Эмили напряглась — красивая картинка. И как легко поддаться этой мечте — представить Рамона своим мужем, представить их совместную жизнь в этом прекрасном доме.
— А ты хочешь этого, Рамон? Вот такую домашнюю жизнь? Ты же навсегда будешь привязан к жене и ребенку.
Рамон опустил руки, и в лице его проскользнула тень.
— Мне тридцать лет. Большинство мужчин в конце концов бросают холостяцкие привычки.
Эмили ощутила еще большую тяжесть.
— Я ведь не спрашиваю тебя о других, я хочу понять, чего хочешь ты. Если бы не та ночь в Париже, — настойчиво продолжала она, — и я бы не забеременела, ты бы сейчас тоже делал мне предложение?
— Но ты беременна, Эмили, — холодно парировал Рамон. — И ребенок мой. — Он отошел на пару шагов и повернулся к ней спиной. — А ты бы хотела, чтобы я был приходящим отцом? Который появляется и исчезает по заранее установленным дням?
Кровь отлила от ее щек: именно так она себе и представляла их будущее. Но в описании Рамона это звучало ужасно. Эмили вспомнила, как, будучи маленькой, горько плакала, свернувшись на кровати, думая, что отцу наплевать на нее. Она со страхом спросила:
— А что же будет с нами?
— Что ты имеешь в виду? — с подозрением спросил Рамон, приближаясь.

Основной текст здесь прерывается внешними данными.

(* Let $T$ be an anonymous and reasonable cardinal comparison test. If $T\not\sim\mathcal D$, then $T$ is not error-free. (In fact, if $T\not\sim_{\vec f}\mathcal D$ for a pair $\vec f$, then $T$ violates error-freeness.)
   Context: Let $\Omega=\{0,1\}$, $\Omega^\infty$ the set of infinite sequences $\omega=(\omega_1,\omega_2,\dots)$, and $\omega^t=(\omega_1,\dots,\omega_t)$ (also used for the cylinder set of all sequences with this prefix; $\omega^0=\emptyset$). $\mathcal G_t$ is the $\sigma$-algebra generated by the length-$t$ cylinders and $\mathcal G_\infty$ the $\sigma$-algebra generated by all cylinders. $\Delta(\Omega)$ is the set of probability distributions on $\Omega$; for $p\in\Delta(\Omega)$ and $x\in\Omega$, $p[x]$ is the probability of $x$. A forecasting strategy is a map $f:\bigcup_{t\ge0}(\Omega\times\Delta(\Omega)\times\Delta(\Omega))^t\to\Delta(\Omega)$; $F$ is the set of all forecasting strategies. Given an ordered pair $\vec f=(f,g)\in F\times F$ and $\omega\in\Omega^\infty$, the play path $(\omega,\vec f)$ is defined recursively: $(\omega,\vec f)^0=\emptyset$ and its $t$-th entry is $(\omega_t,f((\omega,\vec f)^{t-1}),g((\omega,\vec f)^{t-1}))$. The pair $\vec f$ induces two probability measures on $(\Omega^\infty,\mathcal G_\infty)$, again denoted $f$ and $g$, determined by $f(\omega^t)=\prod_{n=1}^t f((\omega,\vec f)^{n-1})[\omega_n]$ and $g(\omega^t)=\prod_{n=1}^t g((\omega,\vec f)^{n-1})[\omega_n]$. A (cardinal comparison) test is a sequence $T=(T_t)_{t>0}$ of $\mathcal G_t$-measurable functions $T_t:(\Omega\times\Delta(\Omega)\times\Delta(\Omega))^\infty\to[0,1]$; write $T_t(\omega,\vec f)=T_t((\omega,\vec f))$ and $T(\omega,\vec f)=\lim_t T_t(\omega,\vec f)$ whenever the limit exists. For $\epsilon\in(0,1)$ let $L^{\vec f}_{T,\epsilon}=\{\omega:T(\omega,\vec f)\text{ exists and }>\epsilon\}$ and $R^{\vec f}_{T,\epsilon}=\{\omega:T(\omega,\vec f)\text{ exists and }<\epsilon\}$. $T$ is anonymous if $T_t(\omega,f,g)=1-T_t(\omega,g,f)$ for all $\omega$, $t>0$, $f,g\in F$. $T$ is error-free if for all $\vec f=(f,g)$ and measurable $A\subseteq\Omega^\infty$: for all $\epsilon\in(0,\frac12)$, $f(A\cap R^{\vec f}_{T,\epsilon})\le\frac{\epsilon}{1-\epsilon}g(A\cap R^{\vec f}_{T,\epsilon})$, and for all $\epsilon\in(\frac12,1)$, $g(A\cap L^{\vec f}_{T,\epsilon})\le\frac{1-\epsilon}{\epsilon}f(A\cap L^{\vec f}_{T,\epsilon})$. $T$ is reasonable if for all $\vec f=(f,g)$ and measurable $A$: for $\epsilon\in(0,\frac12)$, if $g(A)>0$ and $f(A)<\frac{\epsilon}{1-\epsilon}g(A)$ then $g(A\cap R^{\vec f}_{T,\epsilon})>0$; and for $\epsilon\in(\frac12,1)$, if $f(A)>0$ and $g(A)<\frac{1-\epsilon}{\epsilon}f(A)$ then $f(A\cap L^{\vec f}_{T,\epsilon})>0$. The finite derivative test $\mathcal D$: for $t\ge0$, $\mathcal D_{t+1}(\omega,\vec f)=\frac{f(\omega^t)}{f(\omega^t)+g(\omega^t)}$ if $f(\omega^t)>0$ or $g(\omega^t)>0$, and $\frac12$ otherwise. Equivalence: $T\sim_{\vec f}\hat T$ if $f(N)=g(N)=0$ where $N=\{\omega: T(\omega,\vec f),\hat T(\omega,\vec f)\text{ both exist and differ}\}$; $T\sim\hat T$ if $T\sim_{\vec f}\hat T$ for all $\vec f\in F\times F$. *)

theory Defs
  imports "HOL-Probability.Probability"
begin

— Ну… — Эмили замялась. — Наши отношения — что будет с ними? Ты же говоришь о браке, а это пожизненная ответственность — по крайней мере, до тех пор, пока ребенок не вырастет и не начнет свою жизнь. Это, возможно, лет двадцать. Двадцать лет, Рамон, ты будешь привязан к ребенку… и ко мне. Двадцать лет без… — Она вновь умолкла.
— Женщин, — закончил он.
Эмили вскинула подбородок.
— Я не хочу мужа, который будет мне изменять.

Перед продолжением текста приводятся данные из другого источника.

(* If $ck+cj+1 \ge n \ge c+1$, then $g(j, k, n)=1$.
   Context: Let $c \ge 1$ and consider permutations in $S_n$ written in one-line notation. The order permutation (standardization) of a word $w$ with distinct letters is the unique permutation $\pi$ of the same length with $\pi_i<\pi_j$ iff $w_i<w_j$. Let $K$ be the set partition of $S_{c+1}$ with exactly two nontrivial parts, $\{ x \mid x\in S_{c+1},\ x_1=1 \}$ and $\{ x \mid x\in S_{c+1},\ x_{c+1}=1 \}$ (all other permutations of $S_{c+1}$ form singleton parts). The $K$-equivalence on $S_n$ is the equivalence relation generated by declaring $aub \equiv avb$ whenever $a,b,u,v$ are words, $u,v$ have length $c+1$, and the order permutations of $u$ and $v$ lie in the same part of $K$; i.e. one may rearrange any $c+1$ consecutive letters whose smallest letter is first so that the smallest letter stays first, and likewise for blocks whose smallest letter is last. Equivalence classes are with respect to this relation. Definition ($j,k$-squished): choose $j$ letters $l_1<l_2<\cdots<l_j$ among $1,\ldots,j+k$, and let $r_1<r_2<\cdots<r_k$ be the remaining $k$ letters among $1,\ldots,j+k$. A permutation is $j,k$-squished (for this choice) if, for each $i\le j$, $l_i$ is among the first $c(i-1)+1$ positions, and for each $i\le k$, $r_i$ is among the final $c(i-1)+1$ positions. $g(j,k,n)$ denotes the number of equivalence classes in $S_n$ (under this $K$-equivalence) containing permutations that are $j,k$-squished for a given choice of $l_1,\ldots,l_j$ and $r_1,\ldots,r_k$. *)

theory Defs
  imports "HOL-Combinatorics.Multiset_Permutations"
begin

abbreviation Sn :: "nat \<Rightarrow> nat list set" where
  "Sn n \<equiv> permutations_of_set {1..n}"

definition std :: "nat list \<Rightarrow> nat list" where
  "std w = map (\<lambda>x. card {y \<in> set w. y < x} + 1) w"

text \<open>The two nontrivial parts of the set partition K of S_(c+1).\<close>
definition Kfirst :: "nat \<Rightarrow> nat list set" where
  "Kfirst c = {x \<in> Sn (Suc c). x ! 0 = 1}"

definition Klast :: "nat \<Rightarrow> nat list set" where
  "Klast c = {x \<in> Sn (Suc c). x ! c = 1}"

definition same_part :: "nat \<Rightarrow> nat list \<Rightarrow> nat list \<Rightarrow> bool" where
  "same_part c p q \<longleftrightarrow> p = q \<or> (p \<in> Kfirst c \<and> q \<in> Kfirst c) \<or> (p \<in> Klast c \<and> q \<in> Klast c)"

definition Kstep :: "nat \<Rightarrow> nat list \<Rightarrow> nat list \<Rightarrow> bool" where
  "Kstep c w w' \<longleftrightarrow> (\<exists>a b u v. w = a @ u @ b \<and> w' = a @ v @ b \<and>
      length u = Suc c \<and> length v = Suc c \<and> same_part c (std u) (std v))"

definition Kequiv :: "nat \<Rightarrow> nat \<Rightarrow> nat list \<Rightarrow> nat list \<Rightarrow> bool" where
  "Kequiv c n w w' \<longleftrightarrow> w \<in> Sn n \<and> w' \<in> Sn n \<and>
     (\<lambda>x y. x \<in> Sn n \<and> y \<in> Sn n \<and> (Kstep c x y \<or> Kstep c y x))\<^sup>*\<^sup>* w w'"

definition Kclass :: "nat \<Rightarrow> nat \<Rightarrow> nat list \<Rightarrow> nat list set" where
  "Kclass c n w = {v. Kequiv c n w v}"

text \<open>j,k-squished for the choice L = {l_1 < ... < l_j} \<subseteq> {1..j+k};
  R = {1..j+k} - L = {r_1 < ... < r_k}. Indices i are 0-based here, positions 0-based:
  l_(i+1) among the first c*i+1 positions, r_(i+1) among the last c*i+1 positions.\<close>
definition squished :: "nat \<Rightarrow> nat \<Rightarrow> nat \<Rightarrow> nat set \<Rightarrow> nat list \<Rightarrow> bool" where
  "squished c j k L w \<longleftrightarrow>
     (\<forall>i < j. \<exists>p < length w. p < c * i + 1 \<and> w ! p = sorted_list_of_set L ! i) \<and>
     (\<forall>i < k. \<exists>p < length w. length w - (c * i + 1) \<le> p \<and>
                w ! p = sorted_list_of_set ({1..j+k} - L) ! i)"

definition g :: "nat \<Rightarrow> nat \<Rightarrow> nat \<Rightarrow> nat \<Rightarrow> nat set \<Rightarrow> nat" where
  "g c j k n L = card (Kclass c n ` {w \<in> Sn n. squished c j k L w})"

end

theory Submission
  imports Defs
begin

text \<open>We prove a stronger statement, in which the letters of L need only lie near the front with
  slack a and those of R near the back with slack b, and where, besides the K-moves, the first a and
  the last b letters may be permuted freely. By symmetry let the smallest constrained letter m lie
  in L. It sits among the first a positions, so a free transposition moves it to the front. With m
  in front, a free transposition carries m to the start q < a of a window of c + 1 letters and back,
  so all transpositions inside such a window are realised, and these overlapping windows generate
  all transpositions of positions 1, ..., a + c - 1. Deleting m therefore leaves a configuration with front slack a + c - 1, to which
  induction applies. Once no constrained letters are left, the bound n \<le> c k + c j + 1 has become
  n < a + b, so the free blocks at both ends overlap and generate all permutations.\<close>

lemma equivclp_map_on:
  assumes "equivclp r x y"
    and "\<And>y z. equivclp r x y \<Longrightarrow> equivclp r x z \<Longrightarrow> r y z \<Longrightarrow> equivclp r' (f y) (f z)"
  shows "equivclp r' (f x) (f y)"
  using assms(1)
proof (induction rule: equivclp_induct)
  case base
  show ?case by simp
next
  case (step y z)
  then have "equivclp r x z" by (blast intro: equivclp_into_equivclp)
  with step have "equivclp r' (f y) (f z)" using assms(2) by (blast intro: equivclp_sym)
  with step.IH show ?case by (rule equivclp_trans)
qed

section \<open>Transpositions in lists\<close>

definition list_swap :: "nat \<Rightarrow> nat \<Rightarrow> 'a list \<Rightarrow> 'a list" where
  "list_swap i j xs = xs[i := xs ! j, j := xs ! i]"

lemma length_list_swap [simp]: "length (list_swap i j xs) = length xs"
  by (simp add: list_swap_def)

lemma nth_list_swap:
  "i < length xs \<Longrightarrow> j < length xs \<Longrightarrow> k < length xs \<Longrightarrow>
    list_swap i j xs ! k = (if k = j then xs ! i else if k = i then xs ! j else xs ! k)"
  by (auto simp: list_swap_def nth_list_update)

lemma set_list_swap [simp]: "i < length xs \<Longrightarrow> j < length xs \<Longrightarrow> set (list_swap i j xs) = set xs"
  by (simp add: list_swap_def)

lemma distinct_list_swap [simp]:
  "i < length xs \<Longrightarrow> j < length xs \<Longrightarrow> distinct (list_swap i j xs) = distinct xs"
  by (simp add: list_swap_def)

lemma list_swap_self [simp]: "list_swap i i xs = xs"
  by (simp add: list_swap_def)

lemma list_swap_commute: "list_swap i j xs = list_swap j i xs"
  by (cases "i = j") (auto simp: list_swap_def list_update_swap)

lemma list_swap_Cons: "list_swap (Suc i) (Suc j) (x # xs) = x # list_swap i j xs"
  by (simp add: list_swap_def)

lemma list_swap_conjugate:
  assumes "i < length xs" "j < length xs" "k < length xs" "i \<noteq> j" "j \<noteq> k" "i \<noteq> k"
  shows "list_swap i j (list_swap j k (list_swap i j xs)) = list_swap i k xs"
  by (rule nth_equalityI) (use assms in \<open>auto simp: nth_list_swap\<close>)

lemma list_swap_conjugate_disjoint:
  assumes "i < length xs" "j < length xs" "k < length xs" "l < length xs"
    and "{k, l} \<inter> {i, j} = {}"
  shows "list_swap i j (list_swap k l (list_swap i j xs)) = list_swap k l xs"
  by (rule nth_equalityI) (use assms in \<open>auto simp: nth_list_swap\<close>)

lemma rev_list_swap:
  assumes "i < length xs" "j < length xs"
  shows "rev (list_swap i j xs) = list_swap (length xs - 1 - i) (length xs - 1 - j) (rev xs)"
  by (rule nth_equalityI) (use assms in \<open>auto simp: nth_list_swap rev_nth\<close>)

lemma list_swap_append_middle:
  assumes "length xs \<le> i" "i < length xs + length ys" "length xs \<le> j" "j < length xs + length ys"
  shows "list_swap i j (xs @ ys @ zs) = xs @ list_swap (i - length xs) (j - length xs) ys @ zs"
proof -
  have "i - length xs < length ys" "j - length xs < length ys" using assms by linarith+
  then show ?thesis using assms by (simp add: list_swap_def list_update_append nth_append)
qed

section \<open>Standardization and K-moves\<close>

lemma std_in_permutations:
  assumes "distinct u"
  shows "std u \<in> permutations_of_set {1..length u}"
proof -
  define r where "r x = card {y \<in> set u. y < x} + 1" for x
  have std: "std u = map r u" by (simp add: std_def r_def)
  have mono: "r x < r x'" if "x \<in> set u" "x < x'" for x x'
  proof -
    have "{y \<in> set u. y < x} \<subset> {y \<in> set u. y < x'}" using that by auto
    then show ?thesis unfolding r_def by (simp add: psubset_card_mono)
  qed
  have inj: "inj_on r (set u)"
    by (rule inj_onI) (metis linorder_neqE_nat mono less_irrefl)
  have "r x \<in> {1..length u}" if "x \<in> set u" for x
  proof -
    have "{y \<in> set u. y < x} \<subset> set u" using that by auto
    then have "card {y \<in> set u. y < x} < card (set u)" by (simp add: psubset_card_mono)
    then show ?thesis using distinct_card[OF assms] by (simp add: r_def)
  qed
  moreover have "card (r ` set u) = length u"
    using inj distinct_card[OF assms] by (simp add: card_image)
  ultimately have "r ` set u = {1..length u}" by (intro card_subset_eq) auto
  moreover have "distinct (map r u)" using inj assms by (simp add: distinct_map)
  ultimately show ?thesis by (simp add: std permutations_of_set_def)
qed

— Мы с тобой беседуем о браке, Эмили. Да, я понимаю, о какой ответственности идет речь. Кстати. — Рамон пристально посмотрел на нее. — Я тоже не потерплю измены.
Эмили беспомощно смотрела на него. Часть ее сознания готова была ему поверить, а другая твердила, что все это не важно, потому что ни о каком браке не может идти и речи. И потом, сейчас, когда они не насытились друг другом, легко клясться в верности. Что будет дальше, когда она станет неповоротливой и толстой, измученной беременностью и уставшей?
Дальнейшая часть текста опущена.